lemma multiplier_ratio_bounded_if_finitely_many_successes:
  fixes \<mu> m :: "nat \<Rightarrow> 'a" and \<rho> :: "nat \<Rightarrow> real" and N :: "'a \<Rightarrow> real"
  assumes "\<rho> 1 > 0" "\<theta> > 1" "\<And>f. N f \<ge> 0" "finite {k. k \<ge> 1 \<and> succ k}"
    and \<mu>_step: "\<And>k. k \<ge> 1 \<Longrightarrow> \<mu> (Suc k) = (if succ k then m k else \<mu> k)"
    and \<rho>_step: "\<And>k. k \<ge> 1 \<Longrightarrow> \<rho> (Suc k) = (if succ k then \<rho> k else \<theta> * \<rho> k)"
  shows "\<exists>B. \<forall>k. N (\<mu> k) / \<rho> k \<le> B"
proof -
  obtain K where K: "\<forall>k\<in>{k. k \<ge> 1 \<and> succ k}. k \<le> K"
    using assms(4) finite_nat_set_iff_bounded_le by blast
  have "N (\<mu> (Suc k)) / \<rho> (Suc k) \<le> N (\<mu> k) / \<rho> k" if "k \<ge> Suc K" for k
  proof -
    have "k \<ge> 1"
      using that by simp
    moreover have "\<not> succ k"
      using that K calculation by (metis (mono_tags) mem_Collect_eq not_less_eq_eq)
    ultimately
    have "\<mu> (Suc k) = \<mu> k" "\<rho> (Suc k) = \<theta> * \<rho> k"
      using \<mu>_step \<rho>_step by auto
    moreover have "\<rho> k > 0"
      using assms(2) \<rho>_step \<open>k \<ge> 1\<close>
      by (intro penalty_parameter_pos[where \<rho> = \<rho> and \<theta> = \<theta> and succ = succ, OF assms(1)]) simp_all
    then have "N (\<mu> k) / (\<theta> * \<rho> k) \<le> N (\<mu> k) / \<rho> k"
      using assms(2,3) by (intro divide_left_mono) simp_all
    ultimately show ?thesis
      by simp
  qed
  then show ?thesis
    by (rule bounded_above_if_eventually_nonincreasing)
qed
lemma eventually_RanU_eq_and_minimisers_exist:
  assumes P: "closed {u. P u}" and Q: "closed {u. Q u}"
  shows "\<exists>K0. \<forall>K\<ge>K0.
        RanU \<phi> \<tau> t N w = RanUPK \<phi> \<tau> t N K
      \<and> ((\<exists>v. in_l1w w v \<and> P (Uop \<phi> \<tau> t N v)) \<longrightarrow>
           (\<exists>z. (\<forall>i\<ge>K. z i = 0) \<and> P (Uop \<phi> \<tau> t N z) \<and>
              (\<forall>z'. (\<forall>i\<ge>K. z' i = 0) \<and> P (Uop \<phi> \<tau> t N z') \<longrightarrow> norm1w w z \<le> norm1w w z')))
      \<and> ((\<exists>v. in_l1w w v \<and> Q (Uop \<phi> \<tau> t N v)) \<longrightarrow>
           (\<exists>z. (\<forall>i\<ge>K. z i = 0) \<and> Q (Uop \<phi> \<tau> t N z) \<and>
              (\<forall>z'. (\<forall>i\<ge>K. z' i = 0) \<and> Q (Uop \<phi> \<tau> t N z') \<longrightarrow> norm1w w z \<le> norm1w w z')))"
proof -
  obtain K0 where K0: "\<forall>K\<ge>K0. RanU \<phi> \<tau> t N w = RanUPK \<phi> \<tau> t N K"
    using RanU_eq_RanUPK by blast
  show ?thesis
  proof (intro exI[of _ K0] allI impI conjI)
    fix K assume "K0 \<le> K"
    with K0 have R: "RanU \<phi> \<tau> t N w = RanUPK \<phi> \<tau> t N K" by blast
    thus "RanU \<phi> \<tau> t N w = RanUPK \<phi> \<tau> t N K" .
    show "\<exists>z. (\<forall>i\<ge>K. z i = 0) \<and> P (Uop \<phi> \<tau> t N z) \<and>
        (\<forall>z'. (\<forall>i\<ge>K. z' i = 0) \<and> P (Uop \<phi> \<tau> t N z') \<longrightarrow> norm1w w z \<le> norm1w w z')"
      if "\<exists>v. in_l1w w v \<and> P (Uop \<phi> \<tau> t N v)"
      using that norm1w_minimiser_exists[OF R P] by blast
    show "\<exists>z. (\<forall>i\<ge>K. z i = 0) \<and> Q (Uop \<phi> \<tau> t N z) \<and>
        (\<forall>z'. (\<forall>i\<ge>K. z' i = 0) \<and> Q (Uop \<phi> \<tau> t N z') \<longrightarrow> norm1w w z \<le> norm1w w z')"
      if "\<exists>v. in_l1w w v \<and> Q (Uop \<phi> \<tau> t N v)"
      using that norm1w_minimiser_exists[OF R Q] by blast
  qed
qed

lemma Thk_le_norm1w:
  assumes x: "in_l1w w x" and xb: "\<forall>i\<ge>K. xb i = 0"
    and feasible: "vnorm N (\<lambda>n. Uop \<phi> \<tau> t N xb n - y n) \<le> \<eta>"
  shows "Thk \<phi> \<tau> t N w y K \<eta> x \<le> norm1w w (x - xb)"
  unfolding Thk_def
proof (rule cInf_lower)
  show "norm1w w (x - xb) \<in> {norm1w w (x - xb) |xb. (\<forall>i\<ge>K. xb i = 0) \<and>
      vnorm N (\<lambda>n. Uop \<phi> \<tau> t N xb n - y n) \<le> \<eta>}"
    using xb feasible by blast
  show "bdd_below {norm1w w (x - xb) |xb. (\<forall>i\<ge>K. xb i = 0) \<and>
      vnorm N (\<lambda>n. Uop \<phi> \<tau> t N xb n - y n) \<le> \<eta>}"
  proof (rule bdd_belowI[of _ 0])
    fix v assume "v \<in> {norm1w w (x - xb) |xb. (\<forall>i\<ge>K. xb i = 0) \<and>
      vnorm N (\<lambda>n. Uop \<phi> \<tau> t N xb n - y n) \<le> \<eta>}"
    then obtain xb' where "v = norm1w w (x - xb')" "\<forall>i\<ge>K. xb' i = 0" by blast
    thus "0 \<le> v"
      using norm1w_nonneg[OF w_nonneg in_l1w_diff[OF w_nonneg x in_l1w_finite_support]] by simp
  qed
qed

lemma Thk_le_tail_plus_correction:
  assumes sigma: "0 < sigma_min \<phi> \<tau> t N K" and x: "in_l1w w x"
    and feasible: "vnorm N (\<lambda>n. Uop \<phi> \<tau> t N x n - y n) \<le> \<eta>"
  defines "r \<equiv> x - projK K x"
  shows "Thk \<phi> \<tau> t N w y K \<eta> x
    \<le> norm1w w r + L2_set w {..<K} * (vnorm N (Uop \<phi> \<tau> t N r) / sigma_min \<phi> \<tau> t N K)"
proof -
  let ?s = "sigma_min \<phi> \<tau> t N K"
  have p: "\<forall>i\<ge>K. projK K x i = 0" by (simp add: projK_def)
  have r: "in_l1w w r" unfolding r_def by (intro in_l1w_diff w_nonneg x in_l1w_finite_support[OF p])
  obtain z where z: "\<forall>i\<ge>K. z i = 0" "UPK K z = Uop \<phi> \<tau> t N r"
    and z_bound: "?s * vnorm K z \<le> vnorm N (Uop \<phi> \<tau> t N r)"
    using UPK_solution_bound[OF sigma, of "Uop \<phi> \<tau> t N r"] by (auto simp: Uop_def)
  define xb where "xb = projK K x + z"
  have xb: "\<forall>i\<ge>K. xb i = 0" using z(1) by (simp add: xb_def projK_def)
  have "Uop \<phi> \<tau> t N xb = UPK K xb" by (rule Uop_eq_UPK[OF xb])
  also have "\<dots> = UPK K (projK K x) + UPK K z"
    unfolding xb_def by (rule fun_endo.linear_add[OF linear_UPK])
  also have "\<dots> = Uop \<phi> \<tau> t N (projK K x) + Uop \<phi> \<tau> t N r"
    by (simp only: Uop_eq_UPK[OF p] z(2))
  also have "\<dots> = Uop \<phi> \<tau> t N x"
    using Uop_add[OF in_l1w_finite_support[OF p] r] by (simp add: r_def)
  finally have "Thk \<phi> \<tau> t N w y K \<eta> x \<le> norm1w w (x - xb)"
    using Thk_le_norm1w[OF x xb] feasible by simp
  also have "norm1w w (x - xb) = norm1w w (r - z)" by (simp add: xb_def r_def diff_diff_eq)
  also have "\<dots> \<le> norm1w w r + norm1w w z"
    by (intro norm1w_diff_le w_nonneg r in_l1w_finite_support[OF z(1)])
  also have "norm1w w z \<le> L2_set w {..<K} * vnorm K z"
    by (intro norm1w_le_L2_set w_nonneg z(1))
  also have "\<dots> \<le> L2_set w {..<K} * (vnorm N (Uop \<phi> \<tau> t N r) / ?s)"
    using z_bound sigma by (intro mult_left_mono L2_set_nonneg) (simp_all add: field_simps)
  finally show ?thesis by simp
qed

lemma Thk_le_tail_bound:
  assumes sigma: "0 < sigma_min \<phi> \<tau> t N K" and x: "in_l1w w x"
    and feasible: "vnorm N (\<lambda>n. Uop \<phi> \<tau> t N x n - y n) \<le> \<eta>"
  shows "Thk \<phi> \<tau> t N w y K \<eta> x \<le> norm1w w (x - projK K x)
     + sqrt (\<Sum>i<K. (w i)\<^sup>2) / sigma_min \<phi> \<tau> t N K * norm1w w (x - projK K x)"
proof -
  let ?r = "x - projK K x"
  have "in_l1w w ?r"
    by (intro in_l1w_diff w_nonneg x in_l1w_finite_support[of K]) (simp add: projK_def)
  hence "vnorm N (Uop \<phi> \<tau> t N ?r) / sigma_min \<phi> \<tau> t N K \<le> norm1w w ?r / sigma_min \<phi> \<tau> t N K"
    using sigma by (intro divide_right_mono vnorm_Uop_le_norm1w) simp_all
  from mult_left_mono[OF this L2_set_nonneg[of w "{..<K}"]]
  show ?thesis
    using Thk_le_tail_plus_correction[OF sigma x feasible] by (simp add: L2_set_def)
qed

lemma Thk_le_weighted_tail_bound:
  assumes sigma: "0 < sigma_min \<phi> \<tau> t N K" and mono: "mono w"
    and wt: "\<forall>i. sqrt (real (i + 1)) * (w i)\<^sup>2 \<le> wt i" and x: "in_l1w wt x"
    and feasible: "vnorm N (\<lambda>n. Uop \<phi> \<tau> t N x n - y n) \<le> \<eta>"
  shows "Thk \<phi> \<tau> t N w y K \<eta> x \<le> norm1w w (x - projK K x)
     + 1 / sigma_min \<phi> \<tau> t N K * norm1w wt (x - projK K x)"
proof -
  let ?s = "sigma_min \<phi> \<tau> t N K"
  let ?r = "x - projK K x"
  let ?C = "L2_set w {..<K}"
  have x_w: "in_l1w w x" by (rule in_l1w_of_dominating_weight[OF mono w_pos wt x])
  have r: "in_l1w w ?r"
    by (intro in_l1w_diff w_nonneg x_w in_l1w_finite_support[of K]) (simp add: projK_def)
  have "?C * (vnorm N (Uop \<phi> \<tau> t N ?r) / ?s) \<le> ?C * norm1w w ?r / ?s"
    using sigma vnorm_Uop_le_norm1w[OF r]
    by (simp add: mult_left_mono divide_right_mono L2_set_nonneg)
  also have "\<dots> \<le> 1 / ?s * norm1w wt ?r"
    using L2_set_mult_norm1w_tail_le[OF mono w_nonneg wt x_w x] sigma
    by (simp add: divide_right_mono)
  finally show ?thesis
    using Thk_le_tail_plus_correction[OF sigma x_w feasible] by linarith
qed

end

theorem theorem6p1:
  fixes D :: "'a::euclidean_space set"
    and \<nu> :: "'a \<Rightarrow> real"
    and \<phi> :: "nat \<Rightarrow> 'a \<Rightarrow> complex"
    and t :: "nat \<Rightarrow> 'a" and N :: nat
    and \<tau> :: "nat \<Rightarrow> real"
    and w :: "nat \<Rightarrow> real"
    and x :: "nat \<Rightarrow> complex" and e :: "nat \<Rightarrow> complex" and \<eta> :: real
    and f :: "'a \<Rightarrow> complex" and y :: "nat \<Rightarrow> complex"
  assumes D_open: "open D" and D_conn: "connected D" and D_ne: "D \<noteq> {}"
    and nu_nonneg: "\<And>s. s \<in> D \<Longrightarrow> 0 \<le> \<nu> s"
    and nu_int: "set_integrable lborel D \<nu>"
    and nu_one: "(LINT s:D|lborel. \<nu> s) = 1"
    and phi_meas: "\<And>i. set_borel_measurable lborel D (\<phi> i)"
    and phi_L2: "\<And>i. set_integrable lborel D (\<lambda>s. \<nu> s * (cmod (\<phi> i s))\<^sup>2)"
    and phi_orth: "\<And>i j. (LINT s:D|lborel. complex_of_real (\<nu> s) * \<phi> i s * cnj (\<phi> j s))
                        = (if i = j then 1 else 0)"
    and N_pos: "0 < N"
    and t_in: "\<And>n. n < N \<Longrightarrow> t n \<in> closure D"
    and t_inj: "inj_on t {..<N}"
    and tau_def: "\<And>n. \<tau> n = qweight \<nu> D t N n"
    and w_pos: "\<And>i. 0 < w i"
    and w_bound: "\<And>i s. s \<in> closure D \<Longrightarrow> cmod (\<phi> i s) \<le> w i"
    and f_def: "\<And>s. f s = (\<Sum>i. x i * \<phi> i s)"
    and e_bound: "\<And>n. n < N \<Longrightarrow> cmod (e n) \<le> \<eta>"
    and y_def: "y = (\<lambda>n. if n < N then complex_of_real (sqrt (\<tau> n)) * (f (t n) + e n) else 0)"
  shows
    "(\<exists>K0. \<forall>K\<ge>K0.
        RanU \<phi> \<tau> t N w = RanUPK \<phi> \<tau> t N K
      \<and> ((\<exists>v. in_l1w w v \<and> Uop \<phi> \<tau> t N v = y) \<longrightarrow>
           (\<exists>z. (\<forall>i\<ge>K. z i = 0) \<and> Uop \<phi> \<tau> t N z = y \<and>
              (\<forall>z'. (\<forall>i\<ge>K. z' i = 0) \<and> Uop \<phi> \<tau> t N z' = y \<longrightarrow> norm1w w z \<le> norm1w w z')))
      \<and> ((\<exists>v. in_l1w w v \<and> vnorm N (\<lambda>n. Uop \<phi> \<tau> t N v n - y n) \<le> \<eta>) \<longrightarrow>
           (\<exists>z. (\<forall>i\<ge>K. z i = 0) \<and> vnorm N (\<lambda>n. Uop \<phi> \<tau> t N z n - y n) \<le> \<eta> \<and>
              (\<forall>z'. (\<forall>i\<ge>K. z' i = 0) \<and> vnorm N (\<lambda>n. Uop \<phi> \<tau> t N z' n - y n) \<le> \<eta>
                 \<longrightarrow> norm1w w z \<le> norm1w w z'))))
   \<and> (\<forall>K. RanUPK \<phi> \<tau> t N K = RanU \<phi> \<tau> t N w \<longrightarrow> 0 < sigma_min \<phi> \<tau> t N K \<longrightarrow>
        (in_l1w w x \<longrightarrow>
           Thk \<phi> \<tau> t N w y K \<eta> x
             \<le> norm1w w (x - projK K x)
               + sqrt (\<Sum>i<K. (w i)\<^sup>2) / sigma_min \<phi> \<tau> t N K * norm1w w (x - projK K x))
      \<and> (\<forall>wt :: nat \<Rightarrow> real. mono w \<and> (\<forall>i. sqrt (real (i + 1)) * (w i)\<^sup>2 \<le> wt i) \<and> in_l1w wt x \<longrightarrow>
           Thk \<phi> \<tau> t N w y K \<eta> x
             \<le> norm1w w (x - projK K x)
               + 1 / sigma_min \<phi> \<tau> t N K * norm1w wt (x - projK K x)))"
proof -
  interpret sampling_operator \<phi> \<tau> t N w
  proof
    show "0 \<le> \<tau> n" for n using qweight_nonneg[of D \<nu>] nu_nonneg tau_def by simp
    show "(\<Sum>n<N. \<tau> n) \<le> 1"
      using sum_qweight_le_1[OF D_open nu_nonneg nu_int nu_one t_inj] tau_def by simp
    show "cmod (\<phi> i (t n)) \<le> w i" if "n < N" for i n using w_bound t_in that by blast
  qed (rule w_pos)
  have feasible: "vnorm N (\<lambda>n. Uop \<phi> \<tau> t N x n - y n) \<le> \<eta>" if "in_l1w w x"
    by (rule vnorm_Uop_sample_error_le[OF that f_def e_bound N_pos y_def])
  have closed_data: "closed {u. u = y}" by simp
  have closed_tube: "closed {u. vnorm N (\<lambda>n. u n - y n) \<le> \<eta>}"
    unfolding vnorm_def by (intro closed_Collect_le continuous_intros)
  show ?thesis
  proof (intro conjI allI impI)
  qed (fact eventually_RanU_eq_and_minimisers_exist[OF closed_data closed_tube]
      | use Thk_le_tail_bound[OF _ _ feasible]
        Thk_le_weighted_tail_bound[OF _ _ _ _ feasible[OF in_l1w_of_dominating_weight[OF _ w_pos]]]
        in blast)+
qed

end
(* Let $P$ be any protocol achieving sender anonymity among $n$ players in which the only resources available to the players are pairwise shared secret key bits, a reliable broadcast channel and public (classical) communication. If a set $T$ of $t$ players is such that deleting the corresponding $t$ nodes from the key-sharing graph $G=(V,E)$ disconnects it (i.e. leaves at least two nonempty parts with no edge between them), then a collusion of these $t$ players can break the sender's anonymity.
   Context: The key-sharing graph of the protocol is the undirected graph $G=(V,E)$ whose nodes are the players, with an edge between nodes $i$ and $j$ iff $i$ and $j$ share one bit of secret key $r_{i,j}$. Sender anonymity: for an adversary corrupting a set of $t\le n-2$ players not including the sender $s$ and observing all communication $C$ and the randomness $G^t$ of the corrupted players, $\max_S\Pr[S=s\mid G^t,C]=\max_S\Pr[S=s]=1/(n-t)$, the maximum over random variables $S$ depending only on $C$ and $G^t$. The adversary is computationally unbounded and monitors all physical transmissions. *)

theory Defs
  imports "HOL-Probability.Probability"
begin

text \<open>
  Undirected edges are 2-element sets of players.  A key assignment kappa gives the
  shared bit of every edge in E (and is False outside E).  Keys are uniform.
\<close>

definition key_graph :: "nat \<Rightarrow> nat set set \<Rightarrow> bool" where
  "key_graph n E \<longleftrightarrow> (\<forall>e\<in>E. \<exists>i j. e = {i, j} \<and> i \<noteq> j \<and> i < n \<and> j < n)"

definition key_assignments :: "nat set set \<Rightarrow> (nat set \<Rightarrow> bool) set" where
  "key_assignments E = {\<kappa>. \<forall>e. e \<notin> E \<longrightarrow> \<kappa> e = False}"

definition key_view :: "nat set set \<Rightarrow> (nat set \<Rightarrow> bool) \<Rightarrow> nat \<Rightarrow> (nat set \<Rightarrow> bool)" where
  "key_view E \<kappa> i = (\<lambda>e. if e \<in> E \<and> i \<in> e then \<kappa> e else False)"

definition coalition_view :: "nat set set \<Rightarrow> nat set \<Rightarrow> (nat set \<Rightarrow> bool) \<Rightarrow> (nat set \<Rightarrow> bool)" where
  "coalition_view E T \<kappa> = (\<lambda>e. if e \<in> E \<and> e \<inter> T \<noteq> {} then \<kappa> e else False)"

text \<open>
  A protocol is a next-message function P: in round k, player i broadcasts
  P k i input keys history, where input is Some m for the sender (message m)
  and None otherwise, keys is the player's key view, and history is the public
  transcript so far (one list of n broadcast symbols per round).
  transcript P n E s m kappa R is the public communication C after R rounds.
\<close>
fun transcript ::
  "(nat \<Rightarrow> nat \<Rightarrow> 'm option \<Rightarrow> (nat set \<Rightarrow> bool) \<Rightarrow> 'c list list \<Rightarrow> 'c)
   \<Rightarrow> nat \<Rightarrow> nat set set \<Rightarrow> nat \<Rightarrow> 'm \<Rightarrow> (nat set \<Rightarrow> bool) \<Rightarrow> nat \<Rightarrow> 'c list list" where
  "transcript P n E s m \<kappa> 0 = []"
| "transcript P n E s m \<kappa> (Suc k) =
     (let h = transcript P n E s m \<kappa> k
      in h @ [map (\<lambda>i. P k i (if i = s then Some m else None) (key_view E \<kappa> i) h) [0..<n]])"
(* Let $f_j(\Delta_{n,k})$ denote the number of $j$-dimensional faces of the polytope $\Delta_{n,k}$. Then, as formal power series, $$ \sum_{n\ge1}\sum_{k=1}^n\sum_{j=1}^n f_j(\Delta_{n,k})\,x^k y^{n-k}t^j=\frac{xt}{(1-x-y)(1-x-y-xt)(1-x-y-yt)}. $$
   Context: For integers $0<k\le n$, $\Delta_{n,k}=\{(x_1,\ldots,x_n)\in[0,1]^n : k-1\le x_1+\cdots+x_n\le k\}$, a convex polytope in $\mathbb{R}^n$. *)

theory Defs
  imports "HOL-Analysis.Analysis" "HOL-Computational_Algebra.Formal_Power_Series"
begin

text \<open>The hypersimplex-type polytope Delta(n,k) in R^n, with R^n rendered as real^'n, n = CARD('n).\<close>
definition Delta :: "nat \<Rightarrow> (real ^ 'n::finite) set" where
  "Delta k = {x. (\<forall>i. 0 \<le> x $ i \<and> x $ i \<le> 1) \<and>
                 real k - 1 \<le> (\<Sum>i\<in>UNIV. x $ i) \<and> (\<Sum>i\<in>UNIV. x $ i) \<le> real k}"

definition num_faces :: "nat \<Rightarrow> ('a::euclidean_space) set \<Rightarrow> nat" where
  "num_faces j P = card {F. F face_of P \<and> aff_dim F = int j}"

text \<open>Trivariate formal power series as nested fps: outer variable t, middle x, inner y.\<close>
type_synonym fps3 = "real fps fps fps"

definition varX :: fps3 where "varX = fps_const fps_X"
definition varY :: fps3 where "varY = fps_const (fps_const fps_X)"
definition varT :: fps3 where "varT = fps_X"

definition coeff3 :: "fps3 \<Rightarrow> nat \<Rightarrow> nat \<Rightarrow> nat \<Rightarrow> real" where
  "coeff3 G a b j = fps_nth (fps_nth (fps_nth G j) a) b"

end

theory Submission
  imports Defs
begin

text \<open>A face of a polyhedron \<open>{x. \<forall>i. a\<^sub>i \<bullet> x \<le> b\<^sub>i}\<close> is cut out by the constraints active at any
  point of its relative interior. For \<open>\<Delta>\<^sub>n\<^sub>,\<^sub>k\<close> such a point is described by the set \<open>Os\<close> of
  coordinates equal to \<open>1\<close>, the set \<open>Cs\<close> of coordinates strictly between \<open>0\<close> and \<open>1\<close>, and
  whether the coordinate sum is \<open>k\<close>, \<open>k - 1\<close> or strictly in between; the face has dimension
  \<open>|Cs|\<close> in the last case and \<open>|Cs| - 1\<close> otherwise. Counting these data gives sums of trinomial
  coefficients, and Pascal's recurrence for trinomial coefficients shows that multiplying their
  generating function successively by \<open>1 - x - y\<close>, \<open>1 - x - y - yt\<close> and \<open>1 - x - y - xt\<close>
  leaves \<open>xt\<close>.\<close>

definition fps3_of :: "(int \<Rightarrow> int \<Rightarrow> int \<Rightarrow> real) \<Rightarrow> fps3" where
  "fps3_of g = Abs_fps (\<lambda>j. Abs_fps (\<lambda>a. Abs_fps (\<lambda>b. g (int a) (int b) (int j))))"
* * *
REQUIREMENT
Count every line of the entries that holds the string "Some". Please answer with the count alone.

WRITTEN SOLUTION
2